*Assignment*:
Of all the lines below, return only those starting with the line holding "l = power_mean" and going on through the line holding "p \<longrightarrow> g_t", exactly as written.
======== Data records
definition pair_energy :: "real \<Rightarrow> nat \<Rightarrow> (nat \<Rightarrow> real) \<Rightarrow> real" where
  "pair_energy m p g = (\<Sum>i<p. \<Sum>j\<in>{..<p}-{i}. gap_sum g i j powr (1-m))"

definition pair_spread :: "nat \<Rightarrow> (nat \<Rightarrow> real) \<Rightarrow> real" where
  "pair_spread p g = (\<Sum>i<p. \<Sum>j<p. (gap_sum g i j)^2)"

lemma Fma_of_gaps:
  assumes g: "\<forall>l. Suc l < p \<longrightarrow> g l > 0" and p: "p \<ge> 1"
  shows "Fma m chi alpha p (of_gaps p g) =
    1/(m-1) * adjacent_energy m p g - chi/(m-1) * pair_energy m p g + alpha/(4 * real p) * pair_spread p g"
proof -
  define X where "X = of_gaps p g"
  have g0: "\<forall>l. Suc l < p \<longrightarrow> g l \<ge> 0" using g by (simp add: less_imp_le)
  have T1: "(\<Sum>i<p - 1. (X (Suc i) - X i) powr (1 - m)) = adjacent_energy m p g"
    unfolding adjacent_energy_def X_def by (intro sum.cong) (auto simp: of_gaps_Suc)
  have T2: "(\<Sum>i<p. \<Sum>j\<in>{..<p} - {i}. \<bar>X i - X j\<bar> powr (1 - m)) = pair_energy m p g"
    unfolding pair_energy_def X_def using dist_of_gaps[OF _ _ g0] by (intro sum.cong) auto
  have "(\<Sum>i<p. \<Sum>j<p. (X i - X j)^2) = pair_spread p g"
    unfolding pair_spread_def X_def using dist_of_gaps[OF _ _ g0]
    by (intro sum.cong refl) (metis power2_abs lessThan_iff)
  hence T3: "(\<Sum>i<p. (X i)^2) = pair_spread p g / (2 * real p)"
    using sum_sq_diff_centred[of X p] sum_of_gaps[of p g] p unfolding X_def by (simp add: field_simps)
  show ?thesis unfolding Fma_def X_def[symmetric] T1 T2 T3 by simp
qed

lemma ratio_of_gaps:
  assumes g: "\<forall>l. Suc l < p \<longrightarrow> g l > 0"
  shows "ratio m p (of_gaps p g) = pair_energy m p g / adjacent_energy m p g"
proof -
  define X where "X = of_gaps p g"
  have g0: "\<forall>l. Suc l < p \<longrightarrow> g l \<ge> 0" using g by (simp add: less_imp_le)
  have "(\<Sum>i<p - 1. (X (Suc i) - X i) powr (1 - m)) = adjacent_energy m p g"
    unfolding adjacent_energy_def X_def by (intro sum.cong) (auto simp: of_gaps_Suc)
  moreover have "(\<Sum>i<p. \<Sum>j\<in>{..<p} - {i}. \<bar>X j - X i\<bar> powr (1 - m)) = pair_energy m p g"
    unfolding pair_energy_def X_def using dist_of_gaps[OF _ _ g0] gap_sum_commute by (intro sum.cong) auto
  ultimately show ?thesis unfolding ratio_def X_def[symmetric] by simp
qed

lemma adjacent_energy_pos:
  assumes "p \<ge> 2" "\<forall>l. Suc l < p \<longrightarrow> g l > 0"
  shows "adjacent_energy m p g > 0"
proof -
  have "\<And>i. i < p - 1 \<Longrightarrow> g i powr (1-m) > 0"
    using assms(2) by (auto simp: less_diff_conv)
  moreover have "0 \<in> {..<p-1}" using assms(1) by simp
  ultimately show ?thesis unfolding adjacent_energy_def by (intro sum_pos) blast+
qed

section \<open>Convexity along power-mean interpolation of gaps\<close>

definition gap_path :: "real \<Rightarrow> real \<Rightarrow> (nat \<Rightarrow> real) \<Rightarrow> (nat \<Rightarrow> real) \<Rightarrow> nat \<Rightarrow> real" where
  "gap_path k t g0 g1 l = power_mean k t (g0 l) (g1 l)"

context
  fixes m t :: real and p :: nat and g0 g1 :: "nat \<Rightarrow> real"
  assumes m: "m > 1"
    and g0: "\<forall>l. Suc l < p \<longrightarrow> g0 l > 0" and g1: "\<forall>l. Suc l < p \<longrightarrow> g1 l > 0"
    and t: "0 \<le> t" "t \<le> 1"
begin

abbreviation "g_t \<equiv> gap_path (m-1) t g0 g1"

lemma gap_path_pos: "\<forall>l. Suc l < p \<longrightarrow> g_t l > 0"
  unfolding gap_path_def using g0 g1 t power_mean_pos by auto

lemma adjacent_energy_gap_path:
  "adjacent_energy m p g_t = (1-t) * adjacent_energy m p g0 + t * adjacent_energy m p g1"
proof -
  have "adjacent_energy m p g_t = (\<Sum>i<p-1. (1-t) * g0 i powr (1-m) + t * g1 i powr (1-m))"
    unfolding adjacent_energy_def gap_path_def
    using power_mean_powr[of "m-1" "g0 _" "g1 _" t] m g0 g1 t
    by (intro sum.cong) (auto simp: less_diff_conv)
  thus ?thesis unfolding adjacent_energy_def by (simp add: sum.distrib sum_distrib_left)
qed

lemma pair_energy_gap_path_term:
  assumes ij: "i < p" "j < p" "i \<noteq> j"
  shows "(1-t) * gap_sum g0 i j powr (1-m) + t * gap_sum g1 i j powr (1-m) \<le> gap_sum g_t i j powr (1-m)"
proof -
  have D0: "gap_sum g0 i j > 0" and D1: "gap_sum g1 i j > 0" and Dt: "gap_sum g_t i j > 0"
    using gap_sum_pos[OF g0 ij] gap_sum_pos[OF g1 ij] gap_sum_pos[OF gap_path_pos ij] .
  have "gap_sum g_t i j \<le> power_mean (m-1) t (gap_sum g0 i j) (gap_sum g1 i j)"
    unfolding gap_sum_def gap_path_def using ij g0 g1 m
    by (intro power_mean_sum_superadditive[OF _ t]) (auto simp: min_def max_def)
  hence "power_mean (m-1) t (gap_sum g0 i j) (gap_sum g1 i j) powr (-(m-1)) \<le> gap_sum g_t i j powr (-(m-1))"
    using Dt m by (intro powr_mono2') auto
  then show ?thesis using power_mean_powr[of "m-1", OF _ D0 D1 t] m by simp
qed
================
======== Data records
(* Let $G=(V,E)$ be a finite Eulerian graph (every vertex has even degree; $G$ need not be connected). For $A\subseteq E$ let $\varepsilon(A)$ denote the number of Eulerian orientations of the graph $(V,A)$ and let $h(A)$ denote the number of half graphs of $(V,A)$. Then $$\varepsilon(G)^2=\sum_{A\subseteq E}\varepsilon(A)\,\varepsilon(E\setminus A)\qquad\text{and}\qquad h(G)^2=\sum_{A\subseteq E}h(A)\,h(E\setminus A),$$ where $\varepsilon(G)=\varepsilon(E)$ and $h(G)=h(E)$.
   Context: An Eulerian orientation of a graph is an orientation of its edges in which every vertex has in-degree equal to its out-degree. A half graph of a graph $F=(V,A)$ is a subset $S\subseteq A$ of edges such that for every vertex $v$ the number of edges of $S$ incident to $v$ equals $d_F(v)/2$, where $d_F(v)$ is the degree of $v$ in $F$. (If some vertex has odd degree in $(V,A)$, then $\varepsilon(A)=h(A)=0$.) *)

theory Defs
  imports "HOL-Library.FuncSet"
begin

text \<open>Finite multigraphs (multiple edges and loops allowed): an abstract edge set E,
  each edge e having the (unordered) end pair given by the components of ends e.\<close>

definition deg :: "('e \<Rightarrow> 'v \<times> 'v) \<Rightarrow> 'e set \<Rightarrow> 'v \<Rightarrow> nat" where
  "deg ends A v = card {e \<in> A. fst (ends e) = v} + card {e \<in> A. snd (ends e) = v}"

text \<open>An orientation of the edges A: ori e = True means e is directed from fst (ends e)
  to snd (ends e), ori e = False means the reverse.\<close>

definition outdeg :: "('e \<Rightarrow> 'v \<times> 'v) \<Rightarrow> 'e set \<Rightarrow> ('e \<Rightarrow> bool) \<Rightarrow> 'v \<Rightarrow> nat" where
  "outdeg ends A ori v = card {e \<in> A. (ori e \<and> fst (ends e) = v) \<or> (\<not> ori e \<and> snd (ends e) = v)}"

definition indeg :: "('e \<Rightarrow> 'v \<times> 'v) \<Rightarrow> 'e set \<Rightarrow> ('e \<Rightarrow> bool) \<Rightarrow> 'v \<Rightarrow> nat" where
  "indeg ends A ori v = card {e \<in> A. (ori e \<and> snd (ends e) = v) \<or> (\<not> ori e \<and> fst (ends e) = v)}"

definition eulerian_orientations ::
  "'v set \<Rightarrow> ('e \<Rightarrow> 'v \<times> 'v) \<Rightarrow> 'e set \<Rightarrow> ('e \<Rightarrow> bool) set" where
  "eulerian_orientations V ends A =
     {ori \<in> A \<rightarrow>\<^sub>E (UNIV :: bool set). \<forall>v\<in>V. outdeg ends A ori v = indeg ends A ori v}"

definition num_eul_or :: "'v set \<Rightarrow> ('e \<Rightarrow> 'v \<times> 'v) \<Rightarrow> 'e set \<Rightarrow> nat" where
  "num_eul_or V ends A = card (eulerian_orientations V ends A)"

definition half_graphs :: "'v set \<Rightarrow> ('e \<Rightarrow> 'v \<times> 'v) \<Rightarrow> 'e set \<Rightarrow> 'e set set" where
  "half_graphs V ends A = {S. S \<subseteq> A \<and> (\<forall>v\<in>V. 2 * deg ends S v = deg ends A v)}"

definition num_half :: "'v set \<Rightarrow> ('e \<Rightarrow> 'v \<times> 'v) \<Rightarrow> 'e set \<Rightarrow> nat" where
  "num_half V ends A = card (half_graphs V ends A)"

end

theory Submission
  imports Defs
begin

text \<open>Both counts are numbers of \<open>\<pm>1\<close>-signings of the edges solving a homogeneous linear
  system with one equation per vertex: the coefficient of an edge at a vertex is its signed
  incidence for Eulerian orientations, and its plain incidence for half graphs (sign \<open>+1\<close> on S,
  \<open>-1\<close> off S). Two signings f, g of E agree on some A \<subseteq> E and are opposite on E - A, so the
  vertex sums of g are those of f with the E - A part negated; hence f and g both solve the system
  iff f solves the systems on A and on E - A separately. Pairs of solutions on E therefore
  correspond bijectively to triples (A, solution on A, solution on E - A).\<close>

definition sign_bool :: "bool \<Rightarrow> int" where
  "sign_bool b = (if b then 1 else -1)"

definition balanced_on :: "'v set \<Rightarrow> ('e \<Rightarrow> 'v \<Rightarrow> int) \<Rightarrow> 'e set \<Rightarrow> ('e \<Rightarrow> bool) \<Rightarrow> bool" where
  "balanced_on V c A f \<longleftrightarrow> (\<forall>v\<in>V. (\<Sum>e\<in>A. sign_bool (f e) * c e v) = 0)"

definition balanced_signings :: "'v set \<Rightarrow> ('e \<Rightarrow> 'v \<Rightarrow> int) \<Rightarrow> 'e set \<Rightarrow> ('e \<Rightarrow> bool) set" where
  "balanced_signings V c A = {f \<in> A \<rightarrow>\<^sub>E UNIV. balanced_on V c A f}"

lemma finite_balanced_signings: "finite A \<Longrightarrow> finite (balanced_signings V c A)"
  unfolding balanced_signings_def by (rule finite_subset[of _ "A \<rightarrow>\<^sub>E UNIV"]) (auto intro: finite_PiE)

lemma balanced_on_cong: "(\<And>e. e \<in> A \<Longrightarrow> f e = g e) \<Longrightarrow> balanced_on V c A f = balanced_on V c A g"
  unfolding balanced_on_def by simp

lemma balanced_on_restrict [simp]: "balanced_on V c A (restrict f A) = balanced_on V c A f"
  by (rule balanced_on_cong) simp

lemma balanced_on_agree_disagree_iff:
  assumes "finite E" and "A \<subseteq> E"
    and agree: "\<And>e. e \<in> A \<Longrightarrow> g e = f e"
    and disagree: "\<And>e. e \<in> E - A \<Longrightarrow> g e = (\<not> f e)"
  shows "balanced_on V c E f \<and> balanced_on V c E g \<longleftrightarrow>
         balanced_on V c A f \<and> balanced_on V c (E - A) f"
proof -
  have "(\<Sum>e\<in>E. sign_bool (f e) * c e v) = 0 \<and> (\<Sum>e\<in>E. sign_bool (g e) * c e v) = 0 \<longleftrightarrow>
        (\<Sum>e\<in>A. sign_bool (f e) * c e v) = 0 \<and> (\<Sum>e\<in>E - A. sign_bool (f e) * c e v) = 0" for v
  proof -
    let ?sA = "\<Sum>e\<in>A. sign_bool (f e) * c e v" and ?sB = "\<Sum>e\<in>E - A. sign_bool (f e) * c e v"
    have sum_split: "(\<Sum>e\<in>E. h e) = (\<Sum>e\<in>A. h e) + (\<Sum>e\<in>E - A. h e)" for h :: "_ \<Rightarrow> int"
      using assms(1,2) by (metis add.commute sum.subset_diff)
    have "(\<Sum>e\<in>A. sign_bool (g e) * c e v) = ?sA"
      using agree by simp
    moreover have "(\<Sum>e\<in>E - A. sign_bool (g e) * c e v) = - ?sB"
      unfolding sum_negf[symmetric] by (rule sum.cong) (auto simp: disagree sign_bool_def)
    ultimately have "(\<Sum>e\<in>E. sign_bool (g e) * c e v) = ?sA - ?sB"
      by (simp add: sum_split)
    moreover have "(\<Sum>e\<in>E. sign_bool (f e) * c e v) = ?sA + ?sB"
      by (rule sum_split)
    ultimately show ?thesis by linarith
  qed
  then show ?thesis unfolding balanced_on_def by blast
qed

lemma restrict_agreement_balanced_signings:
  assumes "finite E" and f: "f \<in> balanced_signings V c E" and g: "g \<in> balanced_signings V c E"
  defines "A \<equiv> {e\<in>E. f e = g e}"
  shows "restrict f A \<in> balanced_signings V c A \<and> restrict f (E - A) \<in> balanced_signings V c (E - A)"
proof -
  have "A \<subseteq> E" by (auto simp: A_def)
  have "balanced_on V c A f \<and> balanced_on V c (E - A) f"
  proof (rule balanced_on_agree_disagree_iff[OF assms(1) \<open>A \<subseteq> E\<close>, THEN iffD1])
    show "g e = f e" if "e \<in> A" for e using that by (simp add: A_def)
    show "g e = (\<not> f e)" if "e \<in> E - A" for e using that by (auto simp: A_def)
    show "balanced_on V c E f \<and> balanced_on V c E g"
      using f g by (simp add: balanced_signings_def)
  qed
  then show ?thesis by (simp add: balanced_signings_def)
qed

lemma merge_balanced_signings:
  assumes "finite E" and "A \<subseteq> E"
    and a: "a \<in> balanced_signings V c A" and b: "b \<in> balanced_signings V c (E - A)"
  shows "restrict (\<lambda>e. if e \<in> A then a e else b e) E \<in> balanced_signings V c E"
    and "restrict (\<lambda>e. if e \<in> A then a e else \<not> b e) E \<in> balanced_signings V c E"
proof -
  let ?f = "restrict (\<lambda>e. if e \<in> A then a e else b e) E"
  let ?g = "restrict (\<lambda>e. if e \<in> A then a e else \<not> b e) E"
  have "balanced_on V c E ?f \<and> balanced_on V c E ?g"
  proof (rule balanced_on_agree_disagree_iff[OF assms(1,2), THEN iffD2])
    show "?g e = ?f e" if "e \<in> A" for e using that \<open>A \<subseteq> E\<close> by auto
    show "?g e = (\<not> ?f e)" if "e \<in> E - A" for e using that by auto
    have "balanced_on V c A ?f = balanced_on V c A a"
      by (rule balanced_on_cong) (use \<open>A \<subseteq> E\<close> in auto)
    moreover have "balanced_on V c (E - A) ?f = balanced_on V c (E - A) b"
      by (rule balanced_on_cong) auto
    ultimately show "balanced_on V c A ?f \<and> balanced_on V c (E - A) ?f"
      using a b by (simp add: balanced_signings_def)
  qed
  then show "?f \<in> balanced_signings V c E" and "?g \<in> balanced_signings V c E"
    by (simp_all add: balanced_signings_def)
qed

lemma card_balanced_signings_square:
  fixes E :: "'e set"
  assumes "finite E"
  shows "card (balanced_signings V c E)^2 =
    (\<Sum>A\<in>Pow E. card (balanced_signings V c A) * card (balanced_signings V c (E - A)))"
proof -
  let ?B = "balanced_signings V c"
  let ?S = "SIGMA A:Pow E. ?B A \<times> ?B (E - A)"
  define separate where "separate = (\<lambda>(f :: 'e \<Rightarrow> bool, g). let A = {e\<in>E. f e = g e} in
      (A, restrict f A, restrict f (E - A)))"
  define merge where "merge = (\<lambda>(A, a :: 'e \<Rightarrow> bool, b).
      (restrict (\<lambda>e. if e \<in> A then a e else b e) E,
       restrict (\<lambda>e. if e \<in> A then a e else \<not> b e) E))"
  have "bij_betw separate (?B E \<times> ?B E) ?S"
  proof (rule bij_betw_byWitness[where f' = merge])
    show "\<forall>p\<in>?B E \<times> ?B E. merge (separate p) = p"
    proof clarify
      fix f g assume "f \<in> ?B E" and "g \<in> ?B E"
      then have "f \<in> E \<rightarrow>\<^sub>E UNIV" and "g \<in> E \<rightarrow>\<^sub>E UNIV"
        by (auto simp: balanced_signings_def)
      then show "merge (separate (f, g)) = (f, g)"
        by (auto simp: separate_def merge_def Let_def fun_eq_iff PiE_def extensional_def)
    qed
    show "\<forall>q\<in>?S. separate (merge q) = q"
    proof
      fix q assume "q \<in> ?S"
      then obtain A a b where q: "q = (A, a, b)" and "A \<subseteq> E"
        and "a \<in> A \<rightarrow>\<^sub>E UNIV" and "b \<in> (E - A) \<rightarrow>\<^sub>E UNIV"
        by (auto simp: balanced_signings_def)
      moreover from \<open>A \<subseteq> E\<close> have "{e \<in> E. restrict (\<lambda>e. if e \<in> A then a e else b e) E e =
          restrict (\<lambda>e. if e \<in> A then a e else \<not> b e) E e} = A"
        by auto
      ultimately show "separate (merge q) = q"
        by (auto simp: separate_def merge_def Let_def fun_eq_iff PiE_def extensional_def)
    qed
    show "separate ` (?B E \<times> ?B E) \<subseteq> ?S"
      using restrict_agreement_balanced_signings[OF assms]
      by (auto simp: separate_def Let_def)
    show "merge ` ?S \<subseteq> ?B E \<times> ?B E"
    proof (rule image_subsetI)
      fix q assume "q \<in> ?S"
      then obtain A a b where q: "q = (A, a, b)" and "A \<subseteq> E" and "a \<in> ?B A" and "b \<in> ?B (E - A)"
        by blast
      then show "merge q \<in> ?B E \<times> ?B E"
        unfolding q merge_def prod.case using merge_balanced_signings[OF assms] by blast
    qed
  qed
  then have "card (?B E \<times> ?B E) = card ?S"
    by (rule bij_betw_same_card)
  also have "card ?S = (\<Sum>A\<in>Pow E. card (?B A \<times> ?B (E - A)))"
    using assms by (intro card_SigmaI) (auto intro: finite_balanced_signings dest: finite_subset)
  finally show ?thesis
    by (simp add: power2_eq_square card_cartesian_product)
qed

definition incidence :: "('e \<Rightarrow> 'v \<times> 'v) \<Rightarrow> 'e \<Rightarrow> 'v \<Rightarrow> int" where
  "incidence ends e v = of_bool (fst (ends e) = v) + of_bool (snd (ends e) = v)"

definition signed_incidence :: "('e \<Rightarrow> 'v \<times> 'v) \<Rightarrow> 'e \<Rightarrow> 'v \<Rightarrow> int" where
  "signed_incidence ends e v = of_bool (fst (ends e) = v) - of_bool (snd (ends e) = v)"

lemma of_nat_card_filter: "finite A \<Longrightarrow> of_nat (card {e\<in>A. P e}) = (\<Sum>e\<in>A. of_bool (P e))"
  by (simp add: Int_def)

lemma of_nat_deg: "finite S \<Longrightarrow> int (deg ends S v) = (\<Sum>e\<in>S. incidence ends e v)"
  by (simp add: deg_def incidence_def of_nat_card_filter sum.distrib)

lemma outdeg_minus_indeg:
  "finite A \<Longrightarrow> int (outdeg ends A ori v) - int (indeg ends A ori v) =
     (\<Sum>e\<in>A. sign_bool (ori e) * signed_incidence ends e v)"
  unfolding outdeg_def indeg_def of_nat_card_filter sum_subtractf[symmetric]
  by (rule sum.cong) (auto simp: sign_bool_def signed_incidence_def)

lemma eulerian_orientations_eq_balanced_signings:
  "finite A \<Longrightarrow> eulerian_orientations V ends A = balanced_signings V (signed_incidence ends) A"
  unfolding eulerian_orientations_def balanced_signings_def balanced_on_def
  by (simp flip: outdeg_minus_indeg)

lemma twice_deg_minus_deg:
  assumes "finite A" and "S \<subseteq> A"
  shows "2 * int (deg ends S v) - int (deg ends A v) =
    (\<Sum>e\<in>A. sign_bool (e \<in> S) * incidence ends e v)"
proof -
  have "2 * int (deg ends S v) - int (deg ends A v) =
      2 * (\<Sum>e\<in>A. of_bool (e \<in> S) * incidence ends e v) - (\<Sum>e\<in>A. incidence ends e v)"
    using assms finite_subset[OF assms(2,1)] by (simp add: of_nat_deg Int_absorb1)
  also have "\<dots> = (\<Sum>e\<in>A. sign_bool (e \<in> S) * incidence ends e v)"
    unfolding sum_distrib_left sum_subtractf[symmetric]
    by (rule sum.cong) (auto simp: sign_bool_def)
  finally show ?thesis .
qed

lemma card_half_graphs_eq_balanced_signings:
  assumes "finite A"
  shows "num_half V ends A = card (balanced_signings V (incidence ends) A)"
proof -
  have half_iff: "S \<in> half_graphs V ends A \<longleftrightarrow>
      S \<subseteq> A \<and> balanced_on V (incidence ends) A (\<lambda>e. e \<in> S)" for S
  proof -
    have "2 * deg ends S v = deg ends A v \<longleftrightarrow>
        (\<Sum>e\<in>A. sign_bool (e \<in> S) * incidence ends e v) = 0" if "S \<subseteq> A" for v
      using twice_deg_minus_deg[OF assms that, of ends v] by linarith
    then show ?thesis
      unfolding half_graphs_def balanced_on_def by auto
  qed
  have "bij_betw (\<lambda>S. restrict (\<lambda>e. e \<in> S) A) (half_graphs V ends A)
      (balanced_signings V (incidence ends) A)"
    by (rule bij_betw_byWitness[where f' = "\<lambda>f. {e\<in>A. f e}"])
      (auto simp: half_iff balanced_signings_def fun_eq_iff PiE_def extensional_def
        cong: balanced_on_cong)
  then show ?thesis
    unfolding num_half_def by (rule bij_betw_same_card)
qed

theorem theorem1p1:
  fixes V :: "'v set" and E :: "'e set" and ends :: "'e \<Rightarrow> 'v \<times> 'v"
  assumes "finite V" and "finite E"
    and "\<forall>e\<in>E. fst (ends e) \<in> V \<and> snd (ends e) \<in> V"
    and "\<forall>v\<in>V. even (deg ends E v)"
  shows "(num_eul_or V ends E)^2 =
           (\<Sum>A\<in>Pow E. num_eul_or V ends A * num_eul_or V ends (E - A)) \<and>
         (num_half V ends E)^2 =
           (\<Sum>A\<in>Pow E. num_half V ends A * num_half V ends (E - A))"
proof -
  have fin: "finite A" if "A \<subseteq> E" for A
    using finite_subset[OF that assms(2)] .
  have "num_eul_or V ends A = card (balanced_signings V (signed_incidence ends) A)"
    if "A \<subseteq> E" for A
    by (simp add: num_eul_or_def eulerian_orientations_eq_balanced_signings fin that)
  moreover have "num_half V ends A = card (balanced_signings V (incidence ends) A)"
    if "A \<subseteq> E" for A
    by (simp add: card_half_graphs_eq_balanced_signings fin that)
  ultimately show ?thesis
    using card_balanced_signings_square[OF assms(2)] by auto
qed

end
================
*Written solution*:
  "gap_path k t g0 g1 l = power_mean k t (g0 l) (g1 l)"

context
  fixes m t :: real and p :: nat and g0 g1 :: "nat \<Rightarrow> real"
  assumes m: "m > 1"
    and g0: "\<forall>l. Suc l < p \<longrightarrow> g0 l > 0" and g1: "\<forall>l. Suc l < p \<longrightarrow> g1 l > 0"
    and t: "0 \<le> t" "t \<le> 1"
begin

abbreviation "g_t \<equiv> gap_path (m-1) t g0 g1"

lemma gap_path_pos: "\<forall>l. Suc l < p \<longrightarrow> g_t l > 0"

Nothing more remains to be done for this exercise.